Further changes to the legislation in 2003, stated that ultimately, a judge would decide if such evidence could be used in a trial through reviewing applications made by the defence.
However, in 2007, research published by the Scottish Government, showed that despite the introduction of the new legislation, applications to introduce this kind of evidence had significantly grown.
In 72% of rape cases, there had been an application for this kind of evidence. Only 7% of them were rejected by the Crown.
Unfortunately, the situation has not improved. In 2016, the Scottish Government conducted a data collecting exercise relating to these defence applications. It was found that in the first three months of 2016, there were 56 applications to use sexual history evidence in court. Of these 56, 51 were unopposed, and 43 granted in full.
Using this kind of evidence in rape trials has serious consequences. One example being the case of 17-year-old Lindsay Armstrong. Armstrong had given evidence against the man who was eventually convicted of her rape.
Her parents said she was “humiliated” and “torn to shreds” on the stand, and submitted to horrific cross-examination. This included being forced to present the underwear she was wearing at the time of the assault. Two weeks after giving evidence she committed suicide.
Signalling a lack of change, as recent as 2019, Lord Justice Clerk, Lady Dorrian, criticised the “wholly inappropriate” and “insulting” cross-examination of witnesses by defence lawyers, and by judges.
Some measures have already been implemented to prevent witnesses from suffering the same kind of humiliation Lindsay Armstrong experienced. This includes the introduction of evidence by video link and screen barriers. However, many say this is not enough.

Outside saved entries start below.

lemma is_code_xor_code: "is_code (ex_edges r) ex_cap (ex_sources r) n n (xor_code r n)"
  unfolding is_code_def ex_alphabet_size
proof (intro conjI ballI impI)
  fix \<omega> e show "xor_code r n \<omega> e < 2 ^ n"
    by (auto simp: xor_code_def bits_to_nat_less split: node.split)
next
  fix e \<omega> \<omega>' assume e: "e \<in> ex_edges r"
    and local: "(\<forall>e'\<in>In_edges (ex_edges r) (fst e). xor_code r n \<omega> e' = xor_code r n \<omega>' e')
      \<and> \<omega> (fst e) = \<omega>' (fst e)"
  from e consider (Src_Unode) i where "e = (Src i, Unode i)"
    | (Src_Ubar) i j where "e = (Src j, Ubar i)"
    | (Unode_Dst) i where "e = (Unode i, Dst i)" "i \<in> {1..r}"
    | (Ubar_Dst) i where "e = (Ubar i, Dst i)" "i \<in> {1..r}"
    unfolding ex_edges_def by blast
  then show "xor_code r n \<omega> e = xor_code r n \<omega>' e"
  proof cases
    case (Unode_Dst i)
    then show ?thesis using local by (simp add: In_edges_ex_Unode xor_code_def)
  next
    case (Ubar_Dst i)
    then have "\<forall>j\<in>{1..r} - {i}. bits_to_nat n (\<omega> (Src j)) = bits_to_nat n (\<omega>' (Src j))"
      using local by (simp add: In_edges_ex_Ubar xor_code_def)
    then have inputs_eq: "\<forall>j\<in>{1..r} - {i}. \<forall>k<n. \<omega> (Src j) k = \<omega>' (Src j) k"
      by (simp add: bits_to_nat_eq_iff)
    have "\<forall>k<n. src_parity ({1..r} - {i}) \<omega> k = src_parity ({1..r} - {i}) \<omega>' k"
    proof (intro allI impI)
      fix k assume "k < n"
      then show "src_parity ({1..r} - {i}) \<omega> k = src_parity ({1..r} - {i}) \<omega>' k"
        using inputs_eq by (intro src_parity_cong) blast
    qed
    then show ?thesis using Ubar_Dst by (simp add: xor_code_def bits_to_nat_eq_iff)
  qed (use local in \<open>simp_all add: xor_code_def\<close>)
qed

lemma xor_key_decodable:
  assumes i: "i \<in> {1..r}"
  shows "cond_ent (sample_space (ex_sources r) n) (xor_key r n)
    (msgs (xor_code r n) (In_edges (ex_edges r) (Dst i))) = 0"
  unfolding cond_ent_eq_0_iff[OF finite_ex_sample_space]
proof (intro ballI impI)
  fix \<omega> \<omega>'
  assume "msgs (xor_code r n) (In_edges (ex_edges r) (Dst i)) \<omega>
    = msgs (xor_code r n) (In_edges (ex_edges r) (Dst i)) \<omega>'"
  then have "\<forall>k<n. \<omega> (Src i) k = \<omega>' (Src i) k"
    and "\<forall>k<n. src_parity ({1..r} - {i}) \<omega> k = src_parity ({1..r} - {i}) \<omega>' k"
    by (simp_all add: msgs_eq_iff In_edges_ex_Dst[OF i] xor_code_def bits_to_nat_eq_iff)
  then show "xor_key r n \<omega> = xor_key r n \<omega>'"
    using src_parity_remove[OF _ i, of \<omega>] src_parity_remove[OF _ i, of \<omega>']
    by (simp add: xor_key_def bits_to_nat_eq_iff)
qed
lemma weights_separating:
  assumes i: "i < d" "i' < d" "i \<noteq> i'"
  shows "cK1 i \<noteq> cK1 i' \<or> cK2 i \<noteq> cK2 i'"
proof (rule ccontr)
  assume c: "\<not> (cK1 i \<noteq> cK1 i' \<or> cK2 i \<noteq> cK2 i')"
  define pos where "pos k = (if k < N then k else k - N)" for k
  have "cK2 k = lam2 * q ^ pos k" for k by (simp add: cK2_def pos_def)
  then have "q ^ pos i = q ^ pos i'" using c lam2_nonzero by simp
  moreover have "pos i \<le> N" "pos i' \<le> N" using i by (auto simp: pos_def)
  ultimately have "pos i = pos i'" using power_eq_power_imp_eq[OF no_small_roots q_nonzero] by blast
  then have "\<exists>k<N. {i, i'} = {k, N + k}" using i by (auto simp: pos_def split: if_splits)
  moreover have "cK1 (N + k) = cK1 k * q" if "k < N" for k using that by (simp add: cK1_def)
  ultimately obtain k where "cK1 k * q = cK1 k * 1" using c by (auto simp: doubleton_eq_iff)
  then have "q = 1" using cK1_nonzero by (metis mult_left_cancel)
  then show False using q_square by simp
qed

lemma cF2_nonzero: "p < N \<Longrightarrow> cF2 p \<noteq> 0"
  using qbr_nonzero_if_qbr_zero[OF q_nonzero lam2_nonzero q_square top_vanishes no_small_roots[of "N - p"],
      of "int p"] by (simp add: cF2_def)

lemma cE1_nonzero: "1 \<le> m \<Longrightarrow> m \<le> N \<Longrightarrow> cE1 (N + m) \<noteq> 0"
  using qbr_nonzero_if_qbr_zero[OF q_nonzero one_neq_zero q_square qbr_one_zero no_small_roots[of m], of "int m"]
    qbr_nonzero_if_qbr_zero[OF q_nonzero lam1_nonzero q_square qbr_lam1_vanishes no_small_roots[of "N + 1 - m"],
      of "2 - int m"]
    qbr_lam1q[of "2 - int m" "1 - int m"]
  by (simp add: cE1_def)

lemma submodule_eq_carrier_vec_if_unit_vec:
  assumes sub: "submodule d rep W" and i: "i < d" "unit_vec d i \<in> W"
  shows "W = carrier_vec d"
proof -
  have E1: "rep E1 = monomial_mat d d (\<lambda>i. i - 1) cE1" and F1: "rep F1 = monomial_mat d d Suc cF1"
    and E2: "rep E2 = monomial_mat d d (\<lambda>i. i - N) cE2" and F2: "rep F2 = monomial_mat d d (\<lambda>i. i + N) cF2"
    by (simp_all add: rep_def)
  obtain m0 where m0: "m0 \<le> N" "unit_vec d (N + m0) \<in> W"
  proof (cases "i < N")
    case True
    then have "unit_vec d (i + N) \<in> W"
      using submodule_unit_vec_step[OF sub i(2) F2 i(1) _ cF2_nonzero] by simp
    then show ?thesis using that[of i] True by (simp add: add.commute)
  next
    case False
    with i show ?thesis by (intro that[of "i - N"]) auto
  qed
  have "unit_vec d (N + (m0 - m0)) \<in> W"
  proof (rule submodule_unit_vec_walk[OF sub E1, of m0 "\<lambda>k. N + (m0 - k)"])
    fix k assume "k < m0"
    then show "N + (m0 - k) - 1 = N + (m0 - Suc k) \<and> N + (m0 - k) < d \<and> N + (m0 - Suc k) < d \<and>
        cE1 (N + (m0 - k)) \<noteq> 0"
      using m0 cE1_nonzero[of "m0 - k"] by auto
  qed (use m0 in simp)
  then have y: "unit_vec d (N + m) \<in> W" if "m \<le> N" for m
    using submodule_unit_vec_walk[OF sub F1, of m "\<lambda>k. N + k"] that by (auto simp: cF1_def)
  have v: "unit_vec d m \<in> W" if "m < N" for m
    using submodule_unit_vec_step[OF sub y[of m] E2] that by (auto simp: cE2_def)
  show ?thesis
  proof (rule submodule_eq_carrier_vec_if_unit_vecs[OF sub])
    fix k assume "k < d"
    then show "unit_vec d k \<in> W" using v y[of "k - N"] by (cases "k < N") auto
  qed
qed

lemma simple_module_rep: "simple_module d rep"
proof (rule simple_moduleI[of d rep cK1 cK2])
  show "\<And>W i. submodule d rep W \<Longrightarrow> i < d \<Longrightarrow> unit_vec d i \<in> W \<Longrightarrow> W = carrier_vec d"
    by (rule submodule_eq_carrier_vec_if_unit_vec)
  show "\<And>i i'. i < d \<Longrightarrow> i' < d \<Longrightarrow> i \<noteq> i' \<Longrightarrow> cK1 i \<noteq> cK1 i' \<or> cK2 i \<noteq> cK2 i'"
    by (rule weights_separating)
qed (simp_all add: rep_def)

lemma induced_module_onto_rep:
  assumes ind: "induced_module q (typeA q N \<omega> lam2) N n r \<iota>"
  shows "\<exists>\<pi>. intertwiner n r d rep \<pi> \<and> (\<lambda>v. \<pi> *\<^sub>v v) ` carrier_vec n = carrier_vec d \<and>
     maximal_proper_submodule n r {v \<in> carrier_vec n. \<pi> *\<^sub>v v = 0\<^sub>v d}"
proof (rule induced_module_simple_quotient[OF ind is_rep_rep simple_module_rep emb_carrier _ unit_vec_carrier])
  show "\<forall>g\<in>gplus_gens. rep g * emb = emb * typeA q N \<omega> lam2 g" using rep_emb by blast
  show "emb *\<^sub>v unit_vec N 0 \<noteq> 0\<^sub>v d"
    unfolding emb_def using N_pos by (intro monomial_mat_mult_unit_vec_nonzero) auto
qed

end

end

Back in 2019, the Scottish Centre for Crime and Justice Research (SCCJR), published a report that made a number of recommendations to improve the court experience of survivors. This included the recommendation that survivors should be provided with independent legal representation to protect them against a trial system “weighted in favour of the accused”.

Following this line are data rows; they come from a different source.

lemma radical_at_agm_and:
  assumes "\<And>a. a \<in> set xs \<Longrightarrow> radical_at (h a) x \<and> h a x \<noteq> 0"
  shows "radical_at (\<lambda>y. agm_and (map (\<lambda>a. h a y) xs)) x"
proof -
  have "eventually (\<lambda>y. \<forall>a\<in>set xs. sgn (h a y) = sgn (h a x)) (nhds x)"
    by (intro eventually_ball_finite finite_set ballI radical_at_eventually_sgn) (use assms in auto)
  then have same_sign: "eventually (\<lambda>y. \<forall>a\<in>set xs. (0 < h a y \<longleftrightarrow> 0 < h a x)
      \<and> (h a y < 0 \<longleftrightarrow> h a x < 0)) (nhds x)"
    by eventually_elim (auto simp: sgn_if split: if_splits)
  show ?thesis
  proof (cases "\<forall>a\<in>set xs. 0 < h a x")
    case True
    have "0 < (\<Prod>a\<leftarrow>xs. 1 + h a x)"
      using True by (intro prod_list_pos) auto
    then have "radical_at (\<lambda>y. root (length xs) (\<Prod>a\<leftarrow>xs. 1 + h a y) - 1) x"
      using assms by (intro radical_at_diff radical_at_root radical_at_prod_list radical_at_add
          radical_at_const) auto
    moreover from same_sign have "eventually (\<lambda>y.
        root (length xs) (\<Prod>a\<leftarrow>xs. 1 + h a y) - 1 = agm_and (map (\<lambda>a. h a y) xs)) (nhds x)"
      by eventually_elim (use True in \<open>simp add: agm_and_def o_def\<close>)
    ultimately show ?thesis by (rule radical_at_cong)
  next
    case False
    let ?g = "\<lambda>a. if 0 < h a x then (\<lambda>y. 0) else h a"
    have "radical_at (\<lambda>y. (\<Sum>a\<leftarrow>xs. ?g a y) / real (length xs)) x"
      using assms by (intro radical_at_divide_const radical_at_sum_list) (simp add: radical_at_const)
    moreover from same_sign have "eventually (\<lambda>y.
        (\<Sum>a\<leftarrow>xs. ?g a y) / real (length xs) = agm_and (map (\<lambda>a. h a y) xs)) (nhds x)"
    proof eventually_elim
      case (elim y)
      then have not_all_pos: "\<not> (\<forall>z\<in>set (map (\<lambda>a. h a y) xs). 0 < z)"
        and min_eq: "\<forall>a\<in>set xs. min (h a y) 0 = ?g a y"
        using False assms by (auto simp: min_def)
      from not_all_pos have "agm_and (map (\<lambda>a. h a y) xs)
          = (\<Sum>z\<leftarrow>map (\<lambda>a. h a y) xs. min z 0) / real (length (map (\<lambda>a. h a y) xs))"
        unfolding agm_and_def by (rule if_not_P)
      with min_eq show ?case
        by (simp add: o_def cong: map_cong)
    qed
    ultimately show ?thesis by (rule radical_at_cong)
  qed
qed

lemma radical_at_agm_or:
  assumes "\<And>a. a \<in> set xs \<Longrightarrow> radical_at (h a) x \<and> h a x \<noteq> 0"
  shows "radical_at (\<lambda>y. agm_or (map (\<lambda>a. h a y) xs)) x"
proof -
  have "radical_at (\<lambda>y. - agm_and (map (\<lambda>a. - h a y) xs)) x"
    using assms by (intro radical_at_uminus radical_at_agm_and) (simp add: radical_at_uminus)
  moreover have "eventually (\<lambda>y. \<forall>a\<in>set xs. sgn (h a y) = sgn (h a x)) (nhds x)"
    by (intro eventually_ball_finite finite_set ballI radical_at_eventually_sgn) (use assms in auto)
  then have "eventually (\<lambda>y.
      - agm_and (map (\<lambda>a. - h a y) xs) = agm_or (map (\<lambda>a. h a y) xs)) (nhds x)"
  proof eventually_elim
    case (elim y)
    then have "0 \<notin> set (map (\<lambda>a. h a y) xs)"
      using assms by (auto simp: sgn_0_0)
    then show ?case
      by (simp add: agm_or_eq_uminus_agm_and o_def)
  qed
  ultimately show ?thesis by (rule radical_at_cong)
qed

lemma eta_Conj: "eta T S (Conj ps) t = agm_and (map (\<lambda>p. eta T S p t) ps)"
  by (simp add: agm_and_def o_def)

lemma eta_Disj: "eta T S (Disj ps) t = agm_or (map (\<lambda>p. eta T S p t) ps)"
  by (simp add: agm_or_def o_def)

lemma eta_Glob:
  assumes "finite (window T t a b)"
  shows "eta T S (Glob a b p) t
    = agm_and (map (\<lambda>s. eta T S p s) (sorted_list_of_set (window T t a b)))"
proof -
  define xs where "xs = sorted_list_of_set (window T t a b)"
  have "window T t a b = set xs" "distinct xs"
    using assms by (simp_all add: xs_def)
  then show ?thesis
    unfolding xs_def[symmetric]
    by (simp add: agm_and_def o_def distinct_card sum.distinct_set_conv_list
        prod.distinct_set_conv_list)
qed

lemma eta_Fin:
  assumes "finite (window T t a b)"
  shows "eta T S (Fin a b p) t
    = agm_or (map (\<lambda>s. eta T S p s) (sorted_list_of_set (window T t a b)))"
proof -
  define xs where "xs = sorted_list_of_set (window T t a b)"
  have "window T t a b = set xs" "distinct xs"
    using assms by (simp_all add: xs_def)
  then show ?thesis
    unfolding xs_def[symmetric]
    by (simp add: agm_or_def o_def distinct_card sum.distinct_set_conv_list
        prod.distinct_set_conv_list)
qed

lemma finite_window_if_stl_wf:
  assumes "stl_wf T n phi t"
    and "(Glob a b p, s) \<in> evalpairs T phi t \<or> (Fin a b p, s) \<in> evalpairs T phi t"
  shows "finite (window T s a b)"
  using assms unfolding stl_wf_def by fastforce

lemma eta_eq_if_eq_on_predvars:
  assumes "(psi, s) \<in> evalpairs T phi t" "\<forall>(i, s')\<in>predvars T phi t. S1 i s' = S2 i s'"
  shows "eta T S1 psi s = eta T S2 psi s"
  using assms(1)
proof (induction psi arbitrary: s)
  case (Pred i c)
  then have "(i, s) \<in> predvars T phi t" unfolding predvars_def by auto
  then show ?case using assms(2) by auto
next
  case (Neg p)
  then show ?case using evalpairs.neg by fastforce
next
  case (Conj ps)
  then have "\<forall>p\<in>set ps. eta T S1 p s = eta T S2 p s"
    using evalpairs.conj by blast
  then show ?case by (simp add: eta_Conj cong: map_cong)
next
  case (Disj ps)
  then have "\<forall>p\<in>set ps. eta T S1 p s = eta T S2 p s"
    using evalpairs.disj by blast
  then show ?case by (simp add: eta_Disj cong: map_cong)
next
  case (Glob a b p)
  then have "\<forall>s'\<in>window T s a b. eta T S1 p s' = eta T S2 p s'"
    using evalpairs.glob by blast
  then show ?case by (simp cong: sum.cong prod.cong)
next
  case (Fin a b p)
  then have "\<forall>s'\<in>window T s a b. eta T S1 p s' = eta T S2 p s'"
    using evalpairs.fin by blast
  then show ?case by (simp cong: sum.cong prod.cong)
qed simp_all

lemma radical_at_eta:
  fixes signal_of :: "real^'m::finite \<Rightarrow> signal"
  assumes wf: "stl_wf T n phi t"
    and coordinate: "\<And>i c s. (Pred i c, s) \<in> evalpairs T phi t \<Longrightarrow> \<exists>k. \<forall>v. signal_of v i s = v $ k"
    and nonzero: "\<And>psi s. (psi, s) \<in> evalpairs T phi t \<Longrightarrow> eta T (signal_of v\<^sub>0) psi s \<noteq> 0"
  shows "(psi, s) \<in> evalpairs T phi t \<Longrightarrow> radical_at (\<lambda>v. eta T (signal_of v) psi s) v\<^sub>0"
proof (induction psi arbitrary: s)
  case (Pred i c)
  obtain k where "\<forall>v. signal_of v i s = v $ k"
    using coordinate[OF Pred.prems] by blast
  then show ?case
    by (simp add: radical_at_divide_const radical_at_diff radical_at_coordinate radical_at_const)
next
  case (Neg p)
  then show ?case
    using evalpairs.neg by (simp add: radical_at_uminus)
next
  case (Conj ps)
  then show ?case
    unfolding eta_Conj using evalpairs.conj nonzero by (intro radical_at_agm_and) blast
next
  case (Disj ps)
  then show ?case
    unfolding eta_Disj using evalpairs.disj nonzero by (intro radical_at_agm_or) blast
next
  case (Glob a b p)
  then have "finite (window T s a b)"
    using finite_window_if_stl_wf[OF wf] by blast
  with Glob show ?case
    unfolding eta_Glob[OF \<open>finite (window T s a b)\<close>] using evalpairs.glob nonzero
    by (intro radical_at_agm_and) auto
next
  case (Fin a b p)
  then have "finite (window T s a b)"
    using finite_window_if_stl_wf[OF wf] by blast
  with Fin show ?case
    unfolding eta_Fin[OF \<open>finite (window T s a b)\<close>] using evalpairs.fin nonzero
    by (intro radical_at_agm_or) auto
qed (simp_all add: radical_at_const)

The report also called for a review of “the (adversarial) nature and manner of defence questioning”. Now, a public contract for review awarded to the University of Edinburgh by the Equality and Human Rights Commission in Scotland, hopes to discover where courts are going wrong, and uncover what more needs to be done.
Accompanying this, Scottish lawyers Eamon Keane and Tony Convery, have also recommended the introduction of independent legal representation for complainants in cases where applications under S.275 of the Criminal Procedure (Scotland) Act 1995 have been made.
While these are definitely steps in the right directions, it is evident that rape survivors are being routinely failed by the justice system. In Scotland, since 2009-10 sexual crimes have ballooned by 108%. Reported rape and attempted rape has increased by a shocking 115% since 2010-11. And yet, figures released by the Scottish Government show that only 43% of rape and attempted rape trials end in a conviction.
Fundamentally, women and men who are subjected to one of the most brutal violations that a human can experience are then, in court violated once again with humiliating and intrusive rape prosecution practices. A complainant’s sexual history, the clothes they choose to wear, or how much alcohol they had consumed when they were assaulted are completely irrelevant to a rape trial. Equally, as MP Liz Saville Roberts said: “Whether or not someone has consented to sex in the past is not relevant to whether or not they gave consent to an alleged attacker”.
Professor Clare McGlynn, in her paper on rape trials and sexual history said that such prosecution practices are “deeply embedded” and must be challenged through legislative reform.
However she added that ultimately, “wider societal change” is required to eradicate them entirely. It is after all the defendant’s choices and actions that should be analysed and cross-examined in the courts, not the past of an individual who has already suffered so much.